Posted On - 28 January, 2025 • By - King Stubb & Kasiva

On December 27, 2024, the Securities Exchange Board of India (“SEBI”) released a circular offering detailed guidance on situations requiring prior approval for changes in control of Investment Advisers (“IAs”), Research Analysts (“RAs”), and Know Your Client (“KYC”) Registration Agencies (“KRAs”).[1] This initiative seeks to enhance transparency and simplify regulatory procedures for these intermediaries.

Overview of the Circular

Changes in Control for Unlisted Body Corporate Intermediaries

For unlisted corporate intermediaries, SEBI has clarified that shareholding transfers among “immediate relatives” will not constitute a change in control. As per the SEBI (Substantial Acquisition of Shares and Takeovers) Regulations, 2011,[2]“immediate relatives” include spouses, parents, siblings, and children of the individual or their spouse. This provision ensures that familial ownership transitions within such companies can occur without requiring regulatory approval, as the control effectively remains within the family.

Furthermore, the circular specifies that the transmission of shares—whether due to inheritance or other legal transfers—does not qualify as a change in control. This measure simplifies the process in cases where ownership changes arise from unforeseen events, such as the death of a shareholder.

Proprietary Firm Intermediaries and Ownership Changes

SEBI’s circular emphasizes that any transfer or inheritance of a proprietary firm’s business or capital is considered a change in control.
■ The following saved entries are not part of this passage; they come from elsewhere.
text \<open>Moving all labels \<open>1..N\<close> to \<open>N+1..2N\<close> first lets every \<open>\<rho>\<close> of the second pass
  rename exactly one old label, without clashing with the labels already produced.\<close>

lemma kgen_relabel:
  assumes "kgen K e V L E" "\<forall>v\<in>V. 1 \<le> L v \<and> L v \<le> N" "2 * N \<le> K"
    "\<forall>a. 1 \<le> a \<and> a \<le> N \<longrightarrow> 1 \<le> f a \<and> f a \<le> N"
  shows "\<exists>e' L'. kgen K e' V L' E \<and> (\<forall>v\<in>V. L' v = f (L v))"
proof -
  obtain L0 where L0: "kgen K (rho_shift_up N N e) V L0 E" "\<forall>v\<in>V. L0 v = L v + N"
    using kgen_rho_shift_up[OF assms(1,2,3) order_refl] assms(2) by auto
  have "\<forall>v\<in>V. 1 \<le> L v \<and> L v \<le> N \<and> L0 v = L v + N" using L0(2) assms(2) by auto
  from kgen_rho_shift_down[OF L0(1) this assms(3,4) order_refl] obtain L' where
    "kgen K (rho_shift_down f N N (rho_shift_up N N e)) V L' E"
    "\<forall>v\<in>V. L' v = (if L v \<le> N then f (L v) else L v + N)"
    by auto
  then show ?thesis using assms(2) by auto
qed

lemma kgen_add_vertex:
  assumes e: "kgen k e V L E" and inj: "inj_on L V" and x: "x \<notin> V"
    and l: "1 \<le> l" "l \<le> k" "\<forall>v\<in>V. L v \<noteq> l" and N: "finite N" "N \<subseteq> V"
  shows "\<exists>e' L'. kgen k e' (insert x V) L' (E \<union> Pair x ` N \<union> (\<lambda>y. (y, x)) ` N)
                  \<and> L' x = l \<and> (\<forall>v\<in>V. L' v = L v)"
proof -
  define L1 where "L1 v = (if v \<in> V then L v else l)" for v
  have U: "kgen k (KUnion e (KAtom l x)) (V \<union> {x}) L1 (E \<union> {})"
    unfolding L1_def by (rule kunion[OF e katom[OF l(1,2)]]) (use x in auto)
  obtain ys where ys: "set ys = N" using finite_list[OF N(1)] by blast
  define ps where "ps = map (\<lambda>y. (l, L y)) ys"
  have "\<forall>(a, b)\<in>set ps. 1 \<le> a \<and> a \<le> k \<and> 1 \<le> b \<and> b \<le> k \<and> a \<noteq> b"
    unfolding ps_def using ys N(2) l kgen_label_range[OF e] by auto
  from kgen_KEtas[OF U this] have G: "kgen k (KEtas ps (KUnion e (KAtom l x))) (V \<union> {x}) L1
      (E \<union> {} \<union> {(u, w). u \<in> V \<union> {x} \<and> w \<in> V \<union> {x} \<and>
         ((L1 u, L1 w) \<in> set ps \<or> (L1 w, L1 u) \<in> set ps)})" .
  have L1_l: "L1 u = l \<longleftrightarrow> u = x" if "u \<in> V \<union> {x}" for u
    using that x l(3) unfolding L1_def by auto
  have L1_L: "L1 u = L y \<longleftrightarrow> u = y" if "u \<in> V \<union> {x}" "y \<in> N" for u y
    using that N(2) l(3) inj unfolding L1_def inj_on_def by auto
  have "{(u, w). u \<in> V \<union> {x} \<and> w \<in> V \<union> {x} \<and>
          ((L1 u, L1 w) \<in> set ps \<or> (L1 w, L1 u) \<in> set ps)}
        = Pair x ` N \<union> (\<lambda>y. (y, x)) ` N"
  proof -
    have "(u \<in> V \<union> {x} \<and> w \<in> V \<union> {x} \<and>
            ((L1 u, L1 w) \<in> set ps \<or> (L1 w, L1 u) \<in> set ps))
          \<longleftrightarrow> (u, w) \<in> Pair x ` N \<union> (\<lambda>y. (y, x)) ` N" for u w
    proof (cases "u \<in> V \<union> {x} \<and> w \<in> V \<union> {x}")
      case True
      then show ?thesis
        using L1_l[of u] L1_l[of w] L1_L[of u] L1_L[of w] unfolding ps_def by (auto simp: ys)
    next
      case False
      then show ?thesis using N(2) by auto
    qed
    then show ?thesis
      unfolding set_eq_iff by (simp only: split_paired_All mem_Collect_eq prod.case simp_thms)
  qed
  moreover have "L1 x = l" "\<forall>v\<in>V. L1 v = L v" using x unfolding L1_def by auto
  moreover have "V \<union> {x} = insert x V" by simp
  ultimately show ?thesis
    using G by (intro exI[of _ "KEtas ps (KUnion e (KAtom l x))"] exI[of _ L1]) (simp add: Un_assoc)
qed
Since this alters the legal ownership and control structure, the new owner must secure prior approval from SEBI. After obtaining approval, the incoming owner is required to apply for fresh registration as an intermediary. This ensures that SEBI evaluates the new owner’s eligibility and compliance with regulatory standards.
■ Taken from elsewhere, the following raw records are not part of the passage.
(* Let $\eta>0$ and $\beta\in\mathbb{R}$. Let $\widehat{\mathcal{L}}_1,\widehat{\mathcal{L}}_2\in\mathbb{R}^{N\times N}$ satisfy $\langle \widehat{\mathcal{L}}_i\mathbf{x},\mathbf{x}\rangle\le 0$ for all $\mathbf{x}\in\mathbb{R}^N$ and $i=1,2$, and additionally $\langle \widehat{\mathcal{L}}_1\mathbf{w},\widehat{\mathcal{L}}_2\mathbf{w}\rangle\ge 0$ for all $\mathbf{w}\in\mathbb{R}^N$. Set $\gamma_*:=\frac{\eta^2+\beta^2}{\eta}$ and $$\mathcal{P}_{\gamma_*}:=\left[\eta I-\widehat{\mathcal{L}}_2+\beta^2(\eta I-\widehat{\mathcal{L}}_1)^{-1}\right](\gamma_* I-\widehat{\mathcal{L}}_2)^{-1}.$$ Then $\mathcal{P}_{\gamma_*}$ is invertible and its two-norm condition number satisfies $$\kappa(\mathcal{P}_{\gamma_*})=\|\mathcal{P}_{\gamma_*}\|\,\|\mathcal{P}_{\gamma_*}^{-1}\|\le 2+\frac{\beta^2}{\eta^2}.$$
   Context: $\langle\cdot,\cdot\rangle$ and $\|\cdot\|$ denote the Euclidean inner product and the induced vector norm / operator two-norm on $\mathbb{R}^N$. The hypothesis $\langle \widehat{\mathcal{L}}_i\mathbf{x},\mathbf{x}\rangle\le 0$ for all $\mathbf{x}$ (field of values in the closed left half plane) guarantees that $\eta I-\widehat{\mathcal{L}}_1$ and $\gamma I-\widehat{\mathcal{L}}_2$ are invertible for $\eta,\gamma>0$. The operator $\mathcal{P}_{\gamma_*}$ is the Schur complement $\eta I-\widehat{\mathcal{L}}_2+\beta^2(\eta I-\widehat{\mathcal{L}}_1)^{-1}$ of the block matrix $\begin{bmatrix}\eta I-\widehat{\mathcal{L}}_1 & \phi I\\ -\frac{\beta^2}{\phi}I & \eta I-\widehat{\mathcal{L}}_2\end{bmatrix}$ ($\phi\neq0$), right-preconditioned by $(\gamma_* I-\widehat{\mathcal{L}}_2)^{-1}$. *)

theory Defs
  imports "HOL-Analysis.Analysis"
begin

definition opnorm2 :: "real^'n^'n \<Rightarrow> real" where
  "opnorm2 A = onorm (\<lambda>x. A *v x)"

definition cond2 :: "real^'n^'n \<Rightarrow> real" where
  "cond2 A = opnorm2 A * opnorm2 (matrix_inv A)"

end

theory Submission
  imports Defs
begin

text \<open>
  Write \<open>A = \<eta>I - L\<^sub>1\<close>, \<open>C = \<gamma>\<^sub>*I - L\<^sub>2\<close> and \<open>t = \<beta>\<^sup>2/\<eta>\<close>, so that \<open>\<gamma>\<^sub>* = \<eta> + t\<close>.
  Since \<open>\<eta>I - L\<^sub>2 + \<beta>\<^sup>2A\<^sup>-\<^sup>1 = M A\<^sup>-\<^sup>1\<close> with \<open>M = (\<eta>I - L\<^sub>2)A + \<beta>\<^sup>2I\<close>, the operator
  \<open>P\<^sub>\<gamma>\<^sub>*\<close> maps \<open>CAw\<close> to \<open>Mw\<close>, and \<open>CA = M - tL\<^sub>1\<close>. The hypotheses make
  \<open>\<langle>Mw, L\<^sub>1w\<rangle> \<le> 0\<close>, hence \<open>\<parallel>Mw\<parallel> \<le> \<parallel>CAw\<parallel>\<close>, i.e. \<open>\<parallel>P\<^sub>\<gamma>\<^sub>*\<parallel> \<le> 1\<close>. Conversely
  \<open>\<parallel>CAw\<parallel> \<le> \<parallel>Mw\<parallel> + t\<parallel>L\<^sub>1w\<parallel>\<close> and \<open>\<gamma>\<^sub>*\<parallel>L\<^sub>1w\<parallel> \<le> \<gamma>\<^sub>*\<parallel>Aw\<parallel> \<le> \<parallel>CAw\<parallel>\<close> give
  \<open>\<eta>\<parallel>CAw\<parallel> \<le> \<gamma>\<^sub>*\<parallel>Mw\<parallel>\<close>, i.e. \<open>\<parallel>P\<^sub>\<gamma>\<^sub>*\<^sup>-\<^sup>1\<parallel> \<le> \<gamma>\<^sub>*/\<eta> = 1 + \<beta>\<^sup>2/\<eta>\<^sup>2\<close>.
\<close>

lemma norm_le_norm_diff_if_inner_nonpos:
  fixes a b :: "'a::real_inner"
  assumes "a \<bullet> b \<le> 0"
  shows "norm a \<le> norm (a - b)" and "norm b \<le> norm (a - b)"
proof -
  have expand: "(norm (a - b))\<^sup>2 = (norm a)\<^sup>2 - 2 * (a \<bullet> b) + (norm b)\<^sup>2"
    unfolding power2_norm_eq_inner
    by (simp add: inner_diff_left inner_diff_right inner_commute[of b a])
  have "(norm a)\<^sup>2 \<le> (norm (a - b))\<^sup>2" "(norm b)\<^sup>2 \<le> (norm (a - b))\<^sup>2"
    unfolding expand using assms zero_le_power2[of "norm a"] zero_le_power2[of "norm b"]
    by linarith+
  then show "norm a \<le> norm (a - b)" "norm b \<le> norm (a - b)"
    by (auto intro: power2_le_imp_le)
qed

lemma shifted_matrix_vector_mult:
  fixes L :: "real^'n^'n"
  shows "(s *\<^sub>R mat 1 - L) *v x = s *\<^sub>R x - L *v x"
  by (simp add: matrix_vector_mult_diff_rdistrib scaleR_matrix_vector_assoc[symmetric])

lemma norm_shifted_matrix_vector_mult_ge:
  fixes L :: "real^'n^'n"
  assumes "\<And>x. (L *v x) \<bullet> x \<le> 0" and "s \<ge> 0"
  shows "s * norm x \<le> norm ((s *\<^sub>R mat 1 - L) *v x)"
    and "norm (L *v x) \<le> norm ((s *\<^sub>R mat 1 - L) *v x)"
proof -
  have "(s *\<^sub>R x) \<bullet> (L *v x) \<le> 0"
    using assms by (simp add: inner_commute mult_nonneg_nonpos)
  from norm_le_norm_diff_if_inner_nonpos[OF this] show
    "s * norm x \<le> norm ((s *\<^sub>R mat 1 - L) *v x)"
    "norm (L *v x) \<le> norm ((s *\<^sub>R mat 1 - L) *v x)"
    using \<open>s \<ge> 0\<close> by (simp_all add: shifted_matrix_vector_mult)
qed

lemma invertible_if_norm_bounded_below:
  fixes A :: "real^'n^'n"
  assumes "c > 0" and "\<And>x. c * norm x \<le> norm (A *v x)"
  shows "invertible A"
proof -
  have "inj ((*v) A)"
  proof (rule injI)
    fix x y
    assume "A *v x = A *v y"
    then have "c * norm (x - y) \<le> 0"
      using assms(2)[of "x - y"] by (simp add: matrix_vector_mult_diff_distrib)
    then show "x = y"
      using \<open>c > 0\<close> by (simp add: mult_le_0_iff)
  qed
  then show ?thesis
    using invertible_left_inverse matrix_left_invertible_injective by blast
qed

lemma matrix_vector_mult_matrix_inv:
  fixes A :: "real^'n^'n"
  assumes "invertible A"
  shows "A *v (matrix_inv A *v x) = x" and "matrix_inv A *v (A *v x) = x"
proof -
  have "A ** matrix_inv A = mat 1 \<and> matrix_inv A ** A = mat 1"
    using assms unfolding invertible_def matrix_inv_def by (rule someI_ex)
  then show "A *v (matrix_inv A *v x) = x" "matrix_inv A *v (A *v x) = x"
    by (simp_all add: matrix_vector_mul_assoc)
qed

lemma opnorm2_nonneg: "opnorm2 A \<ge> 0"
  unfolding opnorm2_def by (rule onorm_pos_le) (rule matrix_vector_mul_bounded_linear)

lemma invertible_cond2_le_if_norm_bounds:
  fixes P :: "real^'n^'n"
  assumes "a > 0"
    and lower: "\<And>x. a * norm x \<le> norm (P *v x)"
    and upper: "\<And>x. norm (P *v x) \<le> b * norm x"
  shows "invertible P" and "cond2 P \<le> b / a"
proof -
  show P: "invertible P"
    using \<open>a > 0\<close> lower by (rule invertible_if_norm_bounded_below)
  have "opnorm2 P \<le> b"
    unfolding opnorm2_def using upper by (rule onorm_le)
  moreover have "opnorm2 (matrix_inv P) \<le> 1 / a"
    unfolding opnorm2_def
  proof (rule onorm_le)
    fix x
    show "norm (matrix_inv P *v x) \<le> 1 / a * norm x"
      using lower[of "matrix_inv P *v x"] \<open>a > 0\<close>
      by (simp add: matrix_vector_mult_matrix_inv[OF P] field_simps)
  qed
  ultimately have "cond2 P \<le> b * (1 / a)"
    unfolding cond2_def using opnorm2_nonneg[of P] opnorm2_nonneg[of "matrix_inv P"]
    by (intro mult_mono) auto
  then show "cond2 P \<le> b / a"
    by simp
qed

lemma shifted_product_inner_nonpos:
  fixes L1 L2 :: "real^'n^'n"
  assumes "\<eta> \<ge> 0" and "c \<ge> 0"
    and neg1: "\<And>x. (L1 *v x) \<bullet> x \<le> 0"
    and neg2: "\<And>x. (L2 *v x) \<bullet> x \<le> 0"
    and cross: "\<And>w. (L1 *v w) \<bullet> (L2 *v w) \<ge> 0"
  shows "((\<eta> *\<^sub>R mat 1 - L2) *v ((\<eta> *\<^sub>R mat 1 - L1) *v w) + c *\<^sub>R w) \<bullet> (L1 *v w) \<le> 0"
proof -
  define v where "v = L1 *v w"
  have "(\<eta> *\<^sub>R mat 1 - L2) *v ((\<eta> *\<^sub>R mat 1 - L1) *v w) + c *\<^sub>R w
      = (\<eta>\<^sup>2 + c) *\<^sub>R w - \<eta> *\<^sub>R v - \<eta> *\<^sub>R (L2 *v w) + L2 *v v"
    unfolding shifted_matrix_vector_mult v_def
    by (simp add: matrix_vector_mult_diff_distrib matrix_vector_mult_scaleR
        scaleR_diff_right scaleR_add_left power2_eq_square)
  also have "\<dots> \<bullet> v = (\<eta>\<^sup>2 + c) * (w \<bullet> v) - \<eta> * (v \<bullet> v) - \<eta> * ((L2 *v w) \<bullet> v)
      + (L2 *v v) \<bullet> v"
    by (simp add: inner_diff_left inner_add_left)
  also have "\<dots> \<le> 0"
  proof -
    have "(\<eta>\<^sup>2 + c) * (w \<bullet> v) \<le> 0"
      using neg1[of w] \<open>c \<ge> 0\<close> by (simp add: v_def inner_commute mult_nonneg_nonpos)
    moreover have "\<eta> * ((L2 *v w) \<bullet> v) \<ge> 0"
      using cross[of w] \<open>\<eta> \<ge> 0\<close> by (simp add: v_def inner_commute)
    moreover have "\<eta> * (v \<bullet> v) \<ge> 0"
      using \<open>\<eta> \<ge> 0\<close> by simp
    ultimately show ?thesis
      using neg2[of v] by linarith
  qed
  finally show ?thesis
    unfolding v_def .
qed

lemma shifted_product_norm_bounds:
  fixes L1 L2 :: "real^'n^'n" and \<eta> \<beta> :: real and w :: "real^'n"
  assumes "\<eta> > 0"
    and neg1: "\<And>x. (L1 *v x) \<bullet> x \<le> 0"
    and neg2: "\<And>x. (L2 *v x) \<bullet> x \<le> 0"
    and cross: "\<And>w. (L1 *v w) \<bullet> (L2 *v w) \<ge> 0"
  defines "\<gamma> \<equiv> (\<eta>\<^sup>2 + \<beta>\<^sup>2) / \<eta>"
  defines "m \<equiv> (\<eta> *\<^sub>R mat 1 - L2) *v ((\<eta> *\<^sub>R mat 1 - L1) *v w) + \<beta>\<^sup>2 *\<^sub>R w"
    and "z \<equiv> (\<gamma> *\<^sub>R mat 1 - L2) *v ((\<eta> *\<^sub>R mat 1 - L1) *v w)"
  shows "norm m \<le> norm z" and "\<eta> * norm z \<le> \<gamma> * norm m"
proof -
  define t where "t = \<beta>\<^sup>2 / \<eta>"
  have "t \<ge> 0" and "\<gamma> = \<eta> + t" and "t * \<eta> = \<beta>\<^sup>2"
    using \<open>\<eta> > 0\<close> by (simp_all add: t_def \<gamma>_def add_divide_distrib power2_eq_square)
  have z_eq: "z = m - t *\<^sub>R (L1 *v w)"
    using \<open>t * \<eta> = \<beta>\<^sup>2\<close> unfolding z_def m_def \<open>\<gamma> = \<eta> + t\<close> shifted_matrix_vector_mult
    by (simp add: matrix_vector_mult_diff_distrib matrix_vector_mult_scaleR
        scaleR_diff_right scaleR_add_left distrib_right)
  have "m \<bullet> (t *\<^sub>R (L1 *v w)) \<le> 0"
    using shifted_product_inner_nonpos[OF _ _ neg1 neg2 cross, of \<eta> "\<beta>\<^sup>2" w]
      \<open>\<eta> > 0\<close> \<open>t \<ge> 0\<close> by (simp add: m_def mult_nonneg_nonpos)
  then show "norm m \<le> norm z"
    unfolding z_eq by (rule norm_le_norm_diff_if_inner_nonpos)
  have "\<gamma> * norm (L1 *v w) \<le> \<gamma> * norm ((\<eta> *\<^sub>R mat 1 - L1) *v w)"
    using norm_shifted_matrix_vector_mult_ge(2)[OF neg1, of \<eta> w] \<open>\<eta> > 0\<close> \<open>\<gamma> = \<eta> + t\<close> \<open>t \<ge> 0\<close>
    by (simp add: mult_left_mono)
  also have "\<dots> \<le> norm z"
    unfolding z_def using \<open>\<eta> > 0\<close> \<open>\<gamma> = \<eta> + t\<close> \<open>t \<ge> 0\<close>
    by (simp add: norm_shifted_matrix_vector_mult_ge(1)[OF neg2])
  finally have "t * (\<gamma> * norm (L1 *v w)) \<le> t * norm z"
    using \<open>t \<ge> 0\<close> by (simp add: mult_left_mono)
  moreover have "\<gamma> * norm z \<le> \<gamma> * (norm m + t * norm (L1 *v w))"
    using norm_triangle_ineq4[of m "t *\<^sub>R (L1 *v w)"] \<open>t \<ge> 0\<close> \<open>\<eta> > 0\<close> \<open>\<gamma> = \<eta> + t\<close>
    unfolding z_eq by (simp add: mult_left_mono)
  ultimately show "\<eta> * norm z \<le> \<gamma> * norm m"
    unfolding \<open>\<gamma> = \<eta> + t\<close> by (simp add: algebra_simps)
qed

theorem theorem3:
  fixes L1 L2 :: "real^'n^'n" and \<eta> \<beta> :: real
  assumes eta_pos: "\<eta> > 0"
    and neg1: "\<And>x. (L1 *v x) \<bullet> x \<le> 0"
    and neg2: "\<And>x. (L2 *v x) \<bullet> x \<le> 0"
    and cross: "\<And>w. (L1 *v w) \<bullet> (L2 *v w) \<ge> 0"
  defines "\<gamma> \<equiv> (\<eta>\<^sup>2 + \<beta>\<^sup>2) / \<eta>"
  defines "P \<equiv> (\<eta> *\<^sub>R mat 1 - L2 + \<beta>\<^sup>2 *\<^sub>R matrix_inv (\<eta> *\<^sub>R mat 1 - L1))
                  ** matrix_inv (\<gamma> *\<^sub>R mat 1 - L2)"
  shows "invertible P \<and> cond2 P \<le> 2 + \<beta>\<^sup>2 / \<eta>\<^sup>2"
proof -
  define A where "A = \<eta> *\<^sub>R mat 1 - L1"
  define C where "C = \<gamma> *\<^sub>R mat 1 - L2"
  have "\<gamma> > 0"
    using eta_pos by (simp add: \<gamma>_def add_pos_nonneg)
  have A: "invertible A"
    unfolding A_def using eta_pos norm_shifted_matrix_vector_mult_ge(1)[OF neg1 less_imp_le[OF eta_pos]]
    by (rule invertible_if_norm_bounded_below)
  have C: "invertible C"
    unfolding C_def using \<open>\<gamma> > 0\<close> norm_shifted_matrix_vector_mult_ge(1)[OF neg2 less_imp_le[OF \<open>\<gamma> > 0\<close>]]
    by (rule invertible_if_norm_bounded_below)
  have P_CA: "P *v (C *v (A *v w)) = (\<eta> *\<^sub>R mat 1 - L2) *v (A *v w) + \<beta>\<^sup>2 *\<^sub>R w" for w
    unfolding P_def A_def[symmetric] C_def[symmetric]
    by (simp add: matrix_vector_mul_assoc[symmetric] matrix_vector_mult_add_rdistrib
        scaleR_matrix_vector_assoc[symmetric] matrix_vector_mult_matrix_inv A C)
  have "\<eta> / \<gamma> * norm z \<le> norm (P *v z) \<and> norm (P *v z) \<le> 1 * norm z" for z
  proof -
    obtain w where "z = C *v (A *v w)"
      using matrix_vector_mult_matrix_inv(1)[OF C] matrix_vector_mult_matrix_inv(1)[OF A] by metis
    moreover note shifted_product_norm_bounds[OF eta_pos neg1 neg2 cross, where \<beta> = \<beta> and w = w,
        folded \<gamma>_def A_def C_def]
    ultimately show ?thesis
      using \<open>\<gamma> > 0\<close> by (simp add: P_CA add.commute field_simps)
  qed
  then have "invertible P" and "cond2 P \<le> 1 / (\<eta> / \<gamma>)"
    using invertible_cond2_le_if_norm_bounds[of "\<eta> / \<gamma>" P 1] eta_pos \<open>\<gamma> > 0\<close> by auto
  moreover have "1 / (\<eta> / \<gamma>) = 1 + \<beta>\<^sup>2 / \<eta>\<^sup>2"
    using eta_pos by (simp add: \<gamma>_def field_simps power2_eq_square)
  ultimately show ?thesis
    by simp
qed

end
Regulations for Partnership Firm Intermediaries

In partnership firms with more than two partners, SEBI has clarified that inter-se transfers among existing partners are not regarded as a change in control. This provision facilitates internal restructuring and allows flexibility within such partnerships.

However, in partnerships with only two partners, introducing a new partner or the death of an existing partner constitutes a change in control. This would require prior approval from SEBI, along with fresh registration by the intermediary. This measure ensures that smaller partnerships maintain a stable and regulated structure.

In cases where a partnership agreement explicitly provides for admitting the deceased partner’s legal heirs as partners, the transmission of partnership rights to these heirs does not qualify as a change in control. This provision supports smooth transitions within families, provided such arrangements are stipulated in the partnership deed.

Fit and Proper Criteria for Incoming Entities or Shareholders

The circular also highlighted the importance of SEBI’s “fit and proper person” criteria. It is defined in Schedule II of the SEBI (Intermediaries) Regulations, 2008.[3]

Every entity or individual acquiring control of an intermediary must be eligible under this criterion. This would ensure that the new controllers possess the required integrity, financial stability, and operational competence towards regulatory obligations and protect investor interests.

Looking Forward

This circular has several significant implications for market intermediaries. Firstly, it provides much-needed clarity on what constitutes a change in control, reducing ambiguity and ensuring smoother compliance. Secondly, it introduces flexibility in specific scenarios, such as share transfers among immediate relatives or the transmission of shares in unlisted companies. Thirdly, the continued emphasis on the “fit and proper person” criteria highlights SEBI’s commitment to maintaining the integrity and efficiency of market intermediaries. Lastly, by defining situations requiring prior approval, SEBI aims to streamline the regulatory process, minimizing delays and administrative hurdles.


[1] https://www.sebi.gov.in/legal/circulars/dec-2024/prior-approval-for-change-in-control-transfer-of-shareholdings-among-immediate-relatives-and-transmission-of-shareholdings-and-their-effect-on-change-in-control_90213.html.